======== GIVEN INFORMATION ========

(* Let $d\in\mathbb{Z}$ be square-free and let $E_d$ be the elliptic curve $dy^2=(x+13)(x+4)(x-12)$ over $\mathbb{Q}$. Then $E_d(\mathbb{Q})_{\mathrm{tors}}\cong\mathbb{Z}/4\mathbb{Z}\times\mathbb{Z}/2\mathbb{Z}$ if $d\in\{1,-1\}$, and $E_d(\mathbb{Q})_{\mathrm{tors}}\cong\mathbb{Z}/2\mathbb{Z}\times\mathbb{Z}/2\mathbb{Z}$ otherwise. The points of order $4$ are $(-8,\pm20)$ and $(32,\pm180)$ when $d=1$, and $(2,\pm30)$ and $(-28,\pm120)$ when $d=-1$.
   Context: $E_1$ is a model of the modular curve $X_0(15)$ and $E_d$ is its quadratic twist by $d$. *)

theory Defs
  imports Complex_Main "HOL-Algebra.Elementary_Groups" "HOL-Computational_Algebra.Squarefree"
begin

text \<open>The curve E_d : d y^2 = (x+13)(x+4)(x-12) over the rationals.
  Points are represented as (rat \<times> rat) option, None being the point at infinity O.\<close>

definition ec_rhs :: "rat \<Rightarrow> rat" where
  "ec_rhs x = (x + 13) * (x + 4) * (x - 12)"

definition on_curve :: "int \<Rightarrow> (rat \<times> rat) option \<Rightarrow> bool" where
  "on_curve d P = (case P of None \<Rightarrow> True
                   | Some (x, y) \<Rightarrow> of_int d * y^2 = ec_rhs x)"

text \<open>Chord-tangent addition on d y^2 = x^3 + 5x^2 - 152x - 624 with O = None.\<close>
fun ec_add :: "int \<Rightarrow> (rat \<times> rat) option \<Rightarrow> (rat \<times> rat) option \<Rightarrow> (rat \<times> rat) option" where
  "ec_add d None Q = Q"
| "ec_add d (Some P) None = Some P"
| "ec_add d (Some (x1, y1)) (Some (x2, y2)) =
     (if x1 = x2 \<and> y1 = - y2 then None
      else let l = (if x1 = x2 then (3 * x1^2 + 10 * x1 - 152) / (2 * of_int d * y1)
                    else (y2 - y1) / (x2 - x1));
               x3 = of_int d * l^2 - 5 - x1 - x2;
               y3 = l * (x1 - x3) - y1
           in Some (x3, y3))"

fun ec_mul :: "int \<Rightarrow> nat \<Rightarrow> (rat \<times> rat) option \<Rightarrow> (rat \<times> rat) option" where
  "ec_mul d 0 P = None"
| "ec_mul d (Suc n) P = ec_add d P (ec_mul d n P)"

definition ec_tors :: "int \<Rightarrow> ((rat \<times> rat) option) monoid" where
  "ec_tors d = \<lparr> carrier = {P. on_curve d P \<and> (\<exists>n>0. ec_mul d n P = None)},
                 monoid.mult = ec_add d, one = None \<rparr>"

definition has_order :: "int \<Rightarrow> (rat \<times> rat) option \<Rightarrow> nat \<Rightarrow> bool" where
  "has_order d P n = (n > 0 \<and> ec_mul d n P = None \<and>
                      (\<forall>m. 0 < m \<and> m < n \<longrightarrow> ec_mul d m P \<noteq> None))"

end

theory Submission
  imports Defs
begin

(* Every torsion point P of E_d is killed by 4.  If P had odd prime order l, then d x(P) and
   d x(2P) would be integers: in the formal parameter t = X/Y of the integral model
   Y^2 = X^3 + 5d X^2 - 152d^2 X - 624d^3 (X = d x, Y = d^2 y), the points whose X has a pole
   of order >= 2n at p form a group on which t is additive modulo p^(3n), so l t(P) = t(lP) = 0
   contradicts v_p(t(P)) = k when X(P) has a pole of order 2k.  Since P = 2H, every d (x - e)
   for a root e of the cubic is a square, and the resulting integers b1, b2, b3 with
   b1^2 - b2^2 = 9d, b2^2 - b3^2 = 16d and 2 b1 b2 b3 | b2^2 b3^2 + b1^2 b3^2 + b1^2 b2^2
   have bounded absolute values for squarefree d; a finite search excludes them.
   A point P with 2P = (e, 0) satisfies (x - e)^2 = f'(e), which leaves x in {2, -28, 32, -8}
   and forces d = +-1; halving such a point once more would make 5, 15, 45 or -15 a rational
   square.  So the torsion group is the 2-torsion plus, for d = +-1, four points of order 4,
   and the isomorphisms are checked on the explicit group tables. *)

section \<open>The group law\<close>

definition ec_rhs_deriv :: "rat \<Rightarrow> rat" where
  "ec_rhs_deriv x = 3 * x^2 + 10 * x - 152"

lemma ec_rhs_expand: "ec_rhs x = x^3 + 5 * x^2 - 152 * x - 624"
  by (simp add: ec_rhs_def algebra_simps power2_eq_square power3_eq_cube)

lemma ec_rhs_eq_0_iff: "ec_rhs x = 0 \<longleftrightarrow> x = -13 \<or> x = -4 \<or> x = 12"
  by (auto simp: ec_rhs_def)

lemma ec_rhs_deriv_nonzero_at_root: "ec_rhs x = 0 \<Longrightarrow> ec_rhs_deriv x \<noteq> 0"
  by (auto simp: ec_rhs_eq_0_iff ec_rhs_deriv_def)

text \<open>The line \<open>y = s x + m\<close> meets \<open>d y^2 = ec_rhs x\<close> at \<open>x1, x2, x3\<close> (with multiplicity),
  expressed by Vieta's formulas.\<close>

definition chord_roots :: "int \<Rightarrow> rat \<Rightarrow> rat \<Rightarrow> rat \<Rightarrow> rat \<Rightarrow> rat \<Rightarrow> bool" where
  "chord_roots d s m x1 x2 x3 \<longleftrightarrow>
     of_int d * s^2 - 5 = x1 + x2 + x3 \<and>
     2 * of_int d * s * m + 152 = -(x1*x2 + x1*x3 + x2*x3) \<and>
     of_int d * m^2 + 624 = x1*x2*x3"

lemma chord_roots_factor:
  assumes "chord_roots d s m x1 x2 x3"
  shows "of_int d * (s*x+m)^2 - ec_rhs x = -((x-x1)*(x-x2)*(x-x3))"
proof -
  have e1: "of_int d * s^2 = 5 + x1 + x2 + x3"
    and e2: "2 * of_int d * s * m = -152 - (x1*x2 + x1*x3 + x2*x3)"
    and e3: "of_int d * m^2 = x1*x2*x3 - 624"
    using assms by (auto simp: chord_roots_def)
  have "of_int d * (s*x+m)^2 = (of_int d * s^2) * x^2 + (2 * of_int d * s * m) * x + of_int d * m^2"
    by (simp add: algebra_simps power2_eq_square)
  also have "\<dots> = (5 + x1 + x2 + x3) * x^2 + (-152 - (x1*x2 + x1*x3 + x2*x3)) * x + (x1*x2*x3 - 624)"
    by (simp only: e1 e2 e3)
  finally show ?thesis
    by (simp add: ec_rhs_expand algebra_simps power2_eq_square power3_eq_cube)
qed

========

**WHAT YOU HAVE TO DO:** Show all lines from the data above in which the word "noteq" appears.

**EXPECTED ANSWER:**
                      (\<forall>m. 0 < m \<and> m < n \<longrightarrow> ec_mul d m P \<noteq> None))"
lemma ec_rhs_deriv_nonzero_at_root: "ec_rhs x = 0 \<Longrightarrow> ec_rhs_deriv x \<noteq> 0"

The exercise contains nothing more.